Who do I need to contact to find out the actual ground rules in Texas?

Question, is it allowed for an organic grower to use weed killers on the fence rows to prevent the migration of weed seeds? There is now a plowed strip maintained next to my neighbors fence. In the fence is a 20 year supply of weed seed. 
Primatol, Velpar, Weedmaster, & RU help a little.


----------



## mlappin (Jun 25, 2009)

Not sure about Texas, but I have a friend in organic dairy, not allowed to use weed killers anywhere on the farm.

He seriously wanted me to continue supplying his hay for him when he started talking about going to organic milk. Even offered to pay my way to goto conferences on it and what not. After further research into the requirements I decided it wasn't worth it.

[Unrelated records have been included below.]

lemma CM_vanish: "x \<in> CMab a b \<longleftrightarrow> (\<forall>c. c \<notin> Cab C f a b \<longrightarrow> x c = 0)"
  by (auto simp: CM_def)

lemma CM_zero: "0 \<in> CMab a b"
  by (simp add: CM_vanish)

lemma CM_diff: "x \<in> CMab a b \<Longrightarrow> y \<in> CMab a b \<Longrightarrow> x - y \<in> CMab a b"
  by (simp add: CM_vanish)

lemma CM_add: "x \<in> CMab a b \<Longrightarrow> y \<in> CMab a b \<Longrightarrow> x + y \<in> CMab a b"
  by (simp add: CM_vanish)

lemma CM_mono: "b1 \<le> b2 \<Longrightarrow> CMab a b1 \<subseteq> CMab a b2"
  by (auto simp: CM_iff) (meson order_trans)

lemma bd_CM: "dM a b x \<in> CMab a b"
  by (simp add: CM_def bd_def)

lemma bd_diff: "dM a b (x - y) = dM a b x - dM a b y"
  by (simp add: fun_eq_iff bd_def right_diff_distrib sum_subtractf)

text \<open>Raising the upper action bound does not change the differential, because
  \<open>m\<close> only counts trajectories going up in action.\<close>
lemma bd_mono:
  assumes x: "x \<in> CMab a b1" and b: "b1 \<le> b2"
  shows "dM a b2 x = dM a b1 x"
proof (rule ext)
  fix c'
  have sub: "Cab C f a b1 \<subseteq> Cab C f a b2" using b by (auto simp: Cab_def)
  have S: "(\<Sum>c\<in>Cab C f a b2. m c' c * x c) = (\<Sum>c\<in>Cab C f a b1. m c' c * x c)"
    by (rule sum.mono_neutral_right[OF finite_Cab sub]) (use x in \<open>auto simp: CM_vanish\<close>)
  have "(\<Sum>c\<in>Cab C f a b1. m c' c * x c) = 0" if "c' \<in> C" "b1 < f c'"
    using that m_zero[of c'] by (intro sum.neutral) (auto simp: Cab_def)
  then show "dM a b2 x c' = dM a b1 x c'"
    using sub S by (auto simp: bd_def Cab_def)
qed
definition casimir :: fa where
  "casimir = fa_add (fa_add (fa_mult (fa_gen 1) (fa_gen 1)) (fa_mult (fa_gen 2) (fa_gen 2)))
                    (fa_mult (fa_gen 3) (fa_gen 3))"

definition eval_c :: "complex poly \<Rightarrow> fa" where
  "eval_c p = (\<lambda>w. \<Sum>k\<le>degree p. coeff p k * fa_pow casimir k w)"

text \<open>Chord diagrams are given by words: the sequence of chord labels read along the
  line from the cut point, each label occurring exactly twice.
  w_sl2(D) = sum over phi : chords -> {1,2,3} of x_{phi(p_1)} ... x_{phi(p_2n)}.\<close>

definition w_sl2 :: "nat list \<Rightarrow> fa" where
  "w_sl2 d = (\<lambda>v. \<Sum>\<phi>\<in>PiE (set d) (\<lambda>_. {1,2,3::nat}). if map \<phi> d = v then 1 else 0)"

text \<open>A chord diagram whose intersection graph is the complete split graph (K_m, n):
  chords 0..m-1 pairwise crossing; chords m..m+n-1 crossing every chord of K_m and
  none of each other.\<close>

definition split_diag :: "nat \<Rightarrow> nat \<Rightarrow> nat list" where
  "split_diag m n = [0..<m] @ map ((+) m) [0..<n] @ [0..<m] @ rev (map ((+) m) [0..<n])"

definition complete_diag :: "nat \<Rightarrow> nat list" where
  "complete_diag m = [0..<m] @ [0..<m]"

text \<open>The polynomials u_{i,m}(c): the generating function lives in C[c][y][[t]]
  (type complex poly poly fps: y = outer polynomial variable, c = inner one).
  Since the denominator (1-yt)(1-(2y-1)t-(2c-y^2-y)t^2) has constant term 1, the series
  is the unique F with  denominator * F = numerator.\<close>

definition pc :: "complex poly poly" where "pc = [:[:0, 1:]:]"
definition py :: "complex poly poly" where "py = [:0, 1:]"

definition u_den :: "complex poly poly fps" where
  "u_den = 1 - fps_const (2 * py - 1) * fps_X - fps_const (2 * pc - py^2 - py) * fps_X ^ 2"

definition u_series :: "complex poly poly fps" where
  "u_series = (THE F. (1 - fps_const py * fps_X) * u_den * F
                 = fps_const pc * u_den + fps_const (pc^2) * fps_X ^ 2 - fps_const py * fps_X)"

definition u_poly :: "nat \<Rightarrow> nat \<Rightarrow> complex poly" where
  "u_poly i m = coeff (fps_nth u_series m) i"

end

theory Submission
  imports Defs "HOL-Library.Poly_Mapping" "HOL-Library.Product_Plus"
begin

text \<open>
  Let \<Omega> = x_1 \<otimes> x_1 + x_2 \<otimes> x_2 + x_3 \<otimes> x_3 be the split Casimir element and
  wrap v = \<Sum>_a x_a v x_a. Summing over the colourings of the chords shows that w(K_m, n) is the
  image of \<Omega>^m under the contraction u \<otimes> v \<mapsto> u wrap^n(v), and that one more chord in the
  edgeless part replaces \<Omega>^m by \<Sum>_a (1 \<otimes> x_a) \<Omega>^m (1 \<otimes> x_a).

  Modulo the largest ideal that every contraction sends into the relations of U(sl_2), the tensor
  square becomes a ring in which W_a = -i x_a \<otimes> 1 and Y_a = 1 \<otimes> -i x_a form two commuting
  copies of su(2) with the same Casimir K; the Casimir can be moved across a contraction because it
  is central and commutes with wrap. For T = -\<Omega> and Z = W \<times> Y one has
  Y_a T = T Y_a + Z_a, (W_a - Y_a) T = T (W_a - Y_a) - 2 Z_a and
  Z_a T = (T + K) (W_a - Y_a) + (T - 1) Z_a, hence
  \<Sum>_a Y_a T^m Y_a = T^m K + \<alpha>_m (T - K) + \<beta>_m T with \<alpha>_m, \<beta>_m given by a linear recursion in
  T and K. With T = y and K = -c, the polynomials c y^m - \<alpha>_m (y + c) - \<beta>_m y have exactly the
  generating function that defines u_{i,m}, and contracting the identity yields the recursion.
\<close>

section \<open>Monoid algebras and their tensor squares\<close>

lemma poly_mapping_single_induct [case_names zero single add]:
  fixes f :: "'a \<Rightarrow>\<^sub>0 'b::monoid_add"
  assumes "P 0" and "\<And>k a. P (Poly_Mapping.single k a)"
    and "\<And>f g. P f \<Longrightarrow> P g \<Longrightarrow> P (f + g)"
  shows "P f"
proof (induction f rule: update_induct)
  case (update f k a)
  have "Poly_Mapping.update k a f = f + Poly_Mapping.single k a"
    using update(1)
    by (intro poly_mapping_eqI) (auto simp: lookup_update lookup_add lookup_single when_def in_keys_iff)
  with update(3) assms(2,3) show ?case by simp
qed (fact assms(1))

definition scalar :: "'c \<Rightarrow> 'k::monoid_add \<Rightarrow>\<^sub>0 'c::comm_ring_1" where
  "scalar z = Poly_Mapping.single 0 z"

lemma scalar_mult_single: "scalar z * Poly_Mapping.single k a = Poly_Mapping.single k (z * a)"
  by (simp add: scalar_def mult_single)

lemma single_eq_scalar_mult: "Poly_Mapping.single k z = scalar z * Poly_Mapping.single k 1"
  by (simp add: scalar_mult_single)

lemma scalar_commute: "scalar z * p = p * scalar z"
proof (induction p rule: poly_mapping_single_induct)
  case (single k a)
  show ?case by (simp add: scalar_def mult_single mult.commute)
qed (simp_all add: distrib_left distrib_right)

lemma mult_scalar_left_commute: "p * (scalar z * q) = scalar z * (p * q)"
  by (metis mult.assoc scalar_commute)

lemma scalar_0 [simp]: "scalar 0 = 0" and scalar_1 [simp]: "scalar 1 = 1"
  by (simp_all add: scalar_def)

lemma scalar_add: "scalar (a + b) = scalar a + scalar b"
  and scalar_minus: "scalar (- a) = - scalar a"
  and scalar_mult: "scalar (a * b) = scalar a * scalar b"
  by (simp_all add: scalar_def single_add single_uminus mult_single)

lemma scalar_power: "scalar (a ^ n) = scalar a ^ n"
  by (induction n) (simp_all add: scalar_mult)

lemma lookup_scalar_mult: "Poly_Mapping.lookup (scalar z * p) k = z * Poly_Mapping.lookup p k"
proof (induction p rule: poly_mapping_single_induct)
  case (single k' a)
  show ?case by (simp add: scalar_mult_single lookup_single when_def)
qed (simp_all add: distrib_left lookup_add)

definition tensor_fst :: "('a \<Rightarrow>\<^sub>0 'c) \<Rightarrow> ('a \<times> 'b::zero \<Rightarrow>\<^sub>0 'c::zero)" where
  "tensor_fst p = Abs_poly_mapping (\<lambda>(u, v). if v = 0 then Poly_Mapping.lookup p u else 0)"

definition tensor_snd :: "('b \<Rightarrow>\<^sub>0 'c) \<Rightarrow> ('a::zero \<times> 'b \<Rightarrow>\<^sub>0 'c::zero)" where
  "tensor_snd q = Abs_poly_mapping (\<lambda>(u, v). if u = 0 then Poly_Mapping.lookup q v else 0)"

lemma lookup_tensor_fst:
  "Poly_Mapping.lookup (tensor_fst p) = (\<lambda>(u, v). if v = 0 then Poly_Mapping.lookup p u else 0)"
  unfolding tensor_fst_def
  by (rule lookup_Abs_poly_mapping, rule finite_subset[of _ "(\<lambda>u. (u, 0)) ` Poly_Mapping.keys p"])
    (auto simp: in_keys_iff split: if_splits)

lemma lookup_tensor_snd:
  "Poly_Mapping.lookup (tensor_snd q) = (\<lambda>(u, v). if u = 0 then Poly_Mapping.lookup q v else 0)"
  unfolding tensor_snd_def
  by (rule lookup_Abs_poly_mapping, rule finite_subset[of _ "(\<lambda>v. (0, v)) ` Poly_Mapping.keys q"])
    (auto simp: in_keys_iff split: if_splits)

interpretation tensor_fst: additive tensor_fst
  by unfold_locales (rule poly_mapping_eqI, simp add: lookup_tensor_fst lookup_add split: prod.split)

declare tensor_fst.zero [simp]

interpretation tensor_snd: additive tensor_snd
  by unfold_locales (rule poly_mapping_eqI, simp add: lookup_tensor_snd lookup_add split: prod.split)

declare tensor_snd.zero [simp]

lemma tensor_fst_single: "tensor_fst (Poly_Mapping.single u a) = Poly_Mapping.single (u, 0) a"
  by (rule poly_mapping_eqI) (auto simp: lookup_tensor_fst lookup_single when_def split: if_splits)

lemma tensor_snd_single: "tensor_snd (Poly_Mapping.single v a) = Poly_Mapping.single (0, v) a"
  by (rule poly_mapping_eqI) (auto simp: lookup_tensor_snd lookup_single when_def split: if_splits)

lemma tensor_fst_mult:
  fixes p q :: "'k::monoid_add \<Rightarrow>\<^sub>0 'c::comm_ring_1"
  shows "tensor_fst (p * q) = (tensor_fst p * tensor_fst q :: 'k \<times> 'l::monoid_add \<Rightarrow>\<^sub>0 'c)"
proof (induction p rule: poly_mapping_single_induct)
  case (single k a)
  show ?case
  proof (induction q rule: poly_mapping_single_induct)
    case (single k' b) show ?case by (simp add: tensor_fst_single mult_single)
  qed (simp_all add: distrib_left tensor_fst.add)
qed (simp_all add: distrib_right tensor_fst.add)

lemma tensor_snd_mult:
  fixes p q :: "'l::monoid_add \<Rightarrow>\<^sub>0 'c::comm_ring_1"
  shows "tensor_snd (p * q) = (tensor_snd p * tensor_snd q :: 'k::monoid_add \<times> 'l \<Rightarrow>\<^sub>0 'c)"
proof (induction p rule: poly_mapping_single_induct)
  case (single k a)
  show ?case
  proof (induction q rule: poly_mapping_single_induct)
    case (single k' b) show ?case by (simp add: tensor_snd_single mult_single)
  qed (simp_all add: distrib_left tensor_snd.add)
qed (simp_all add: distrib_right tensor_snd.add)

lemma tensor_fst_scalar: "tensor_fst (scalar z) = scalar z"
  and tensor_snd_scalar: "tensor_snd (scalar z) = scalar z"
  by (simp_all add: scalar_def tensor_fst_single tensor_snd_single zero_prod_def)

lemma tensor_fst_1 [simp]: "tensor_fst 1 = (1 :: 'k::monoid_add \<times> 'l::monoid_add \<Rightarrow>\<^sub>0 'c::comm_ring_1)"
  by (metis scalar_1 tensor_fst_scalar)

lemma tensor_snd_1 [simp]: "tensor_snd 1 = (1 :: 'k::monoid_add \<times> 'l::monoid_add \<Rightarrow>\<^sub>0 'c::comm_ring_1)"
  by (metis scalar_1 tensor_snd_scalar)

lemma tensor_fst_snd_commute:
  fixes p :: "'k::monoid_add \<Rightarrow>\<^sub>0 'c::comm_ring_1" and q :: "'l::monoid_add \<Rightarrow>\<^sub>0 'c"
  shows "tensor_fst p * tensor_snd q = tensor_snd q * tensor_fst p"
proof (induction p rule: poly_mapping_single_induct)
  case (single k a)
  show ?case
  proof (induction q rule: poly_mapping_single_induct)
    case (single k' b)
    show ?case by (simp add: tensor_fst_single tensor_snd_single mult_single mult.commute)
  qed (simp_all add: distrib_left distrib_right tensor_snd.add)
qed (simp_all add: distrib_left distrib_right tensor_fst.add)

lemma single_pair_eq_tensor:
  "Poly_Mapping.single (u, v) (a :: 'c::comm_ring_1)
     = tensor_fst (Poly_Mapping.single u a) * tensor_snd (Poly_Mapping.single v 1)"
  by (simp add: tensor_fst_single tensor_snd_single mult_single)

lemma tensor_mult_tensor:
  fixes a c :: "'k::monoid_add \<Rightarrow>\<^sub>0 'c::comm_ring_1" and b d :: "'l::monoid_add \<Rightarrow>\<^sub>0 'c"
  shows "tensor_fst a * tensor_snd b * (tensor_fst c * tensor_snd d) = tensor_fst (a * c) * tensor_snd (b * d)"
proof -
  have "tensor_fst a * tensor_snd b * (tensor_fst c * tensor_snd d)
      = tensor_fst a * (tensor_snd b * tensor_fst c) * tensor_snd d"
    by (simp only: mult.assoc)
  also have "tensor_snd b * tensor_fst c = tensor_fst c * tensor_snd b"
    by (rule tensor_fst_snd_commute[symmetric])
  also have "tensor_fst a * (tensor_fst c * tensor_snd b) * tensor_snd d
      = tensor_fst (a * c) * tensor_snd (b * d)"
    by (simp only: tensor_fst_mult tensor_snd_mult mult.assoc)
  finally show ?thesis .
qed

section \<open>Two commuting copies of su(2)\<close>

fun alpha_beta :: "'a::ring_1 \<Rightarrow> 'a \<Rightarrow> nat \<Rightarrow> 'a \<times> 'a" where
  "alpha_beta t k 0 = (0, 0)"
| "alpha_beta t k (Suc m) = (let (a, b) = alpha_beta t k m in
     (a * t + b * (t + k), t ^ m - a - a + b * (t - 1)))"

lemma mult_power_eq_alpha_beta:
  fixes y d z t k :: "'a::ring_1"
  assumes "y * t = t * y + z" and "d * t = t * d - z - z" and "z * t = (t + k) * d + (t - 1) * z"
  shows "y * t ^ m = t ^ m * y + fst (alpha_beta t k m) * d + snd (alpha_beta t k m) * z"
proof (induction m)
  case (Suc m)
  obtain a b where ab: "alpha_beta t k m = (a, b)" by fastforce
  have "y * t ^ Suc m = (t ^ m * y + a * d + b * z) * t"
    using Suc by (simp only: ab power_Suc2 mult.assoc[symmetric] fst_conv snd_conv)
  also have "\<dots> = t ^ m * (y * t) + a * (d * t) + b * (z * t)"
    by (simp add: distrib_right mult.assoc)
  also have "\<dots> = t ^ Suc m * y + (a * t + b * (t + k)) * d + (t ^ m - a - a + b * (t - 1)) * z"
    unfolding assms by (simp add: algebra_simps power_Suc2 del: power_Suc)
  finally show ?case by (simp add: ab)
qed simp

lemma map_alpha_beta:
  fixes g :: "'a::ring_1 \<Rightarrow> 'b::ring_1"
  assumes "additive g" and "\<And>x. g (x * t) = g x * t'" and "\<And>x. g (x * k) = g x * k'"
    and "\<And>m. g (t ^ m) = t' ^ m"
  shows "g (fst (alpha_beta t k m)) = fst (alpha_beta t' k' m)
    \<and> g (snd (alpha_beta t k m)) = snd (alpha_beta t' k' m)"
proof (induction m)
  case (Suc m)
  then show ?case
    by (simp add: Let_def split_def distrib_left right_diff_distrib assms(2-4)
        additive.add[OF assms(1)] additive.diff[OF assms(1)])
qed (simp add: additive.zero[OF assms(1)])

lemma sl2_triples_members: "(1, 2, 3) \<in> sl2_triples" "(2, 3, 1) \<in> sl2_triples" "(3, 1, 2) \<in> sl2_triples"
  by (simp_all add: sl2_triples_def)

lemma central_sandwich:
  fixes c :: "'a::ring_1"
  assumes "\<And>x. c * x = x * c"
  shows "(c * y) * z * (c * y) = (c * c) * (y * z * y)"
  by (metis assms mult.assoc)

text \<open>Realised below by the images of -i x_a in the two factors of the tensor square.\<close>

locale su2_pair =
  fixes W Y :: "nat \<Rightarrow> 'a::ring_1"
  assumes W_bracket: "(p, q, r) \<in> sl2_triples \<Longrightarrow> W p * W q - W q * W p = W r"
    and Y_bracket: "(p, q, r) \<in> sl2_triples \<Longrightarrow> Y p * Y q - Y q * Y p = Y r"
    and Y_W_commute: "Y b * W a = W a * Y b"
    and casimirs_eq: "W 1 * W 1 + W 2 * W 2 + W 3 * W 3 = Y 1 * Y 1 + Y 2 * Y 2 + Y 3 * Y 3"
begin

declare One_nat_def [simp del]
  \<comment> \<open>otherwise the index 1 is rewritten to Suc 0 and no longer matches the relations\<close>
(* Let $x$ be a half-integer square point with support graph $G_x$, let $H$ be a Hamiltonian cycle of $G_x$ containing all 1-edges of $x$ and two opposite half-edges from each half-square, and let $G=(V,E)$ be the 4-regular graph obtained from $G_x$ by replacing each path of 1-edges by a single 1-edge and contracting each half-square into a vertex. Let $\alpha>0$. If $P(G,\alpha)$ holds, then the vector $r^{\alpha,x}$ can be written as a convex combination of 2-edge-connected multigraphs of $G_x$.
   Context: $\mathrm{LP}(G)$ is the set of $x\in\mathbb{R}^E$ with $0\le x\le2$ and $x(\delta(S))\ge2$ for all $\emptyset\subsetneq S\subsetneq V$. The support graph $G_x$ has edge set $\{e:x_e>0\}$; 1-edges have $x_e=1$, half-edges $x_e=\frac12$. A half-integer Boyd-Carr point is a point $x\in\mathrm{LP}(G)$ with entries in $\{0,\frac12,1\}$ such that $G_x$ is cubic and 3-edge-connected, exactly one 1-edge is incident to each vertex, and the half-edges form vertex-disjoint 4-cycles (half-squares); a half-integer square point is obtained from such a point by replacing each 1-edge by a path of 1-edges of arbitrary length. Let $A$ be the set of 1-edges of $G_x$, $B$ the half-edges in $H$, and $C$ the half-edges not in $H$. For $\alpha>0$, $r^{\alpha,x}\in\mathbb{R}^{E(G_x)}$ has $r^{\alpha,x}_e=1+\alpha$ for $e\in A$, $r^{\alpha,x}_e=\frac12$ for $e\in B$, and $r^{\alpha,x}_e=1-\alpha$ for $e\in C$. $P(G,\alpha)$ holds if the everywhere $\alpha$ vector for $G$ (all entries $\alpha$) can be written as $\sum_{i=1}^k\lambda_i\chi^{M_i}$ with $\lambda_i\ge0$, $\sum_i\lambda_i=1$, where each $M_i$ is a matching of $G$ such that $(V,E\setminus M_i)$ is 2-vertex-connected. A 2-edge-connected multigraph of $G_x$ is a multiset of edges of $G_x$ forming a spanning 2-edge-connected multigraph; its incidence vector counts copies of each edge, and "written as a convex combination" means equal to a convex combination of such incidence vectors. *)

theory Defs
  imports Complex_Main
begin

text \<open>Finite multigraphs are given by a vertex set V, an edge set E (edges are
abstract elements, so parallel edges are allowed) and an endpoint map ends.\<close>

definition wf_graph :: "'v set \<Rightarrow> 'e set \<Rightarrow> ('e \<Rightarrow> 'v set) \<Rightarrow> bool" where
  "wf_graph V E ends \<longleftrightarrow> finite V \<and> finite E \<and>
     (\<forall>e\<in>E. ends e \<subseteq> V \<and> card (ends e) = 2)"

definition cut :: "'e set \<Rightarrow> ('e \<Rightarrow> 'v set) \<Rightarrow> 'v set \<Rightarrow> 'e set" where
  "cut E ends S = {e\<in>E. card (ends e \<inter> S) = 1}"

definition in_LP :: "'v set \<Rightarrow> 'e set \<Rightarrow> ('e \<Rightarrow> 'v set) \<Rightarrow> ('e \<Rightarrow> real) \<Rightarrow> bool" where
  "in_LP V E ends x \<longleftrightarrow> (\<forall>e\<in>E. 0 \<le> x e \<and> x e \<le> 2) \<and>
     (\<forall>S. S \<noteq> {} \<and> S \<subset> V \<longrightarrow> sum x (cut E ends S) \<ge> 2)"

definition degree :: "'e set \<Rightarrow> ('e \<Rightarrow> 'v set) \<Rightarrow> 'v \<Rightarrow> nat" where
  "degree E ends v = card {e\<in>E. v \<in> ends e}"

definition k_edge_connected :: "nat \<Rightarrow> 'v set \<Rightarrow> 'e set \<Rightarrow> ('e \<Rightarrow> 'v set) \<Rightarrow> bool" where
  "k_edge_connected k V E ends \<longleftrightarrow>
     (\<forall>S. S \<noteq> {} \<and> S \<subset> V \<longrightarrow> card (cut E ends S) \<ge> k)"
lemma nn_integral_powr_le_weak_type:
  fixes M :: "'a measure" and H g :: "'a \<Rightarrow> real" and p :: real
  assumes M: "sigma_finite_measure M" and p: "1 < p"
    and [measurable]: "H \<in> borel_measurable M" "g \<in> borel_measurable M"
    and H_nonneg: "\<And>x. 0 \<le> H x" and g_nonneg: "\<And>x. 0 \<le> g x"
    and weak: "\<And>t. 0 < t \<Longrightarrow>
      ennreal t * emeasure M {x\<in>space M. t < H x} \<le> (\<integral>\<^sup>+x\<in>{x\<in>space M. t < H x}. ennreal (g x) \<partial>M)"
  shows "(\<integral>\<^sup>+x. ennreal (H x powr p) \<partial>M)
    \<le> ennreal (p / (p - 1)) * (\<integral>\<^sup>+x. ennreal (g x * H x powr (p - 1)) \<partial>M)"
proof -
  have "(\<integral>\<^sup>+x. ennreal (H x powr p) \<partial>M)
      = ennreal p * (\<integral>\<^sup>+l\<in>{0<..}. ennreal (l powr (p - 1)) * emeasure M {x\<in>space M. l < H x} \<partial>lborel)"
    using nn_integral_layer_cake_powr[OF M _ _ _ H_nonneg, where q = p and w = "\<lambda>_. 1"] p by simp
  also have "\<dots> \<le> ennreal p * (\<integral>\<^sup>+l\<in>{0<..}. ennreal (l powr (p - 2)) * (\<integral>\<^sup>+x\<in>{x\<in>space M. l < H x}. ennreal (g x) \<partial>M) \<partial>lborel)"
  proof (intro mult_left_mono nn_integral_mono)
    fix l :: real
    have "ennreal (l powr (p - 1)) * emeasure M {x\<in>space M. l < H x}
        \<le> ennreal (l powr (p - 2)) * (\<integral>\<^sup>+x\<in>{x\<in>space M. l < H x}. ennreal (g x) \<partial>M)" if "0 < l"
    proof -
      have "l powr (p - 1) = l powr (p - 2) * l"
        using that by (simp add: powr_diff field_simps power2_eq_square)
      then show ?thesis
        using that by (simp add: ennreal_mult mult.assoc mult_left_mono weak)
    qed
    then show "ennreal (l powr (p - 1)) * emeasure M {x\<in>space M. l < H x} * indicator {0<..} l
        \<le> ennreal (l powr (p - 2)) * (\<integral>\<^sup>+x\<in>{x\<in>space M. l < H x}. ennreal (g x) \<partial>M) * indicator {0<..} l"
      by (cases "0 < l") auto
  qed simp
  also have "\<dots> = ennreal (p / (p - 1)) * (ennreal (p - 1) *
      (\<integral>\<^sup>+l\<in>{0<..}. ennreal (l powr (p - 1 - 1)) * (\<integral>\<^sup>+x\<in>{x\<in>space M. l < H x}. ennreal (g x) \<partial>M) \<partial>lborel))"
    using p by (simp add: mult.assoc[symmetric] ennreal_mult[symmetric])
  also have "\<dots> = ennreal (p / (p - 1)) * (\<integral>\<^sup>+x. ennreal (g x) * ennreal (H x powr (p - 1)) \<partial>M)"
    using p by (subst nn_integral_layer_cake_powr[OF M _ _ _ H_nonneg]) simp_all
  also have "\<dots> = ennreal (p / (p - 1)) * (\<integral>\<^sup>+x. ennreal (g x * H x powr (p - 1)) \<partial>M)"
    using g_nonneg by (simp add: ennreal_mult)
  finally show ?thesis .
qed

Not sure about this year, but a few years ago he paid less for a years supply of hay (by the ton) than what I averaged on selling my 2,3 and fourth cuttings. Last year it was the same price, but I didn't have to deal with the paperwork or the certification like I would if I was raising organic hay.

Course he still wants me to go organic as he's tired of paying the 40-50 bucks a ton for delivery from out of state. Told him last time it was mentioned that I have since rotated some hayfields out of production and the rest are now closer to home than his place so why would I deliver it for free?


----------



## vhaby (Dec 30, 2009)

Hay Wilson

Try this site:

Texas Department of Agriculture

Also:

http://www.ehow.com/how_6633345_become-certified-organic-farmer-texas.html


----------



## hay wilson in TX (Jan 28, 2009)

Thank you vhaby.

The fee's appear higher than expected, but the process does not appear to be a real problem.

I can visualize a potential problem if the individual doing tje certifing is greedy with larsony in thew sole.


----------



## nhbaler282 (Oct 5, 2009)

Mr.Wilson glad to hear of you going organic. I started it last year on my bermuda grass and have had good results. I am not certified just cost way too much,but I tell my customers that I fertilize organically and don't use chemicals and some of them come back and tell me that their animal will clean it up and will eat it before they eat other hay that was fertilized with chemical. This year has been very dry,we are one the four driest counties in the state of Texas and my fields stayed greener than other fields that were fertilized with chemical fertilizer,not having any weed problem to have to need to spray,I read all this before going organic and didn't believe it,but now I am starting to believe that they are right of course this is my second year so time will tell.


----------



## baddog201 (Sep 18, 2010)

nhbaler282 said:


> Mr.Wilson glad to hear of you going organic. I started it last year on my bermuda grass and have had good results. I am not certified just cost way too much,but I tell my customers that I fertilize organically and don't use chemicals and some of them come back and tell me that their animal will clean it up and will eat it before they eat other hay that was fertilized with chemical. This year has been very dry,we are one the four driest counties in the state of Texas and my fields stayed greener than other fields that were fertilized with chemical fertilizer,not having any weed problem to have to need to spray,I read all this before going organic and didn't believe it,but now I am starting to believe that they are right of course this is my second year so time will tell.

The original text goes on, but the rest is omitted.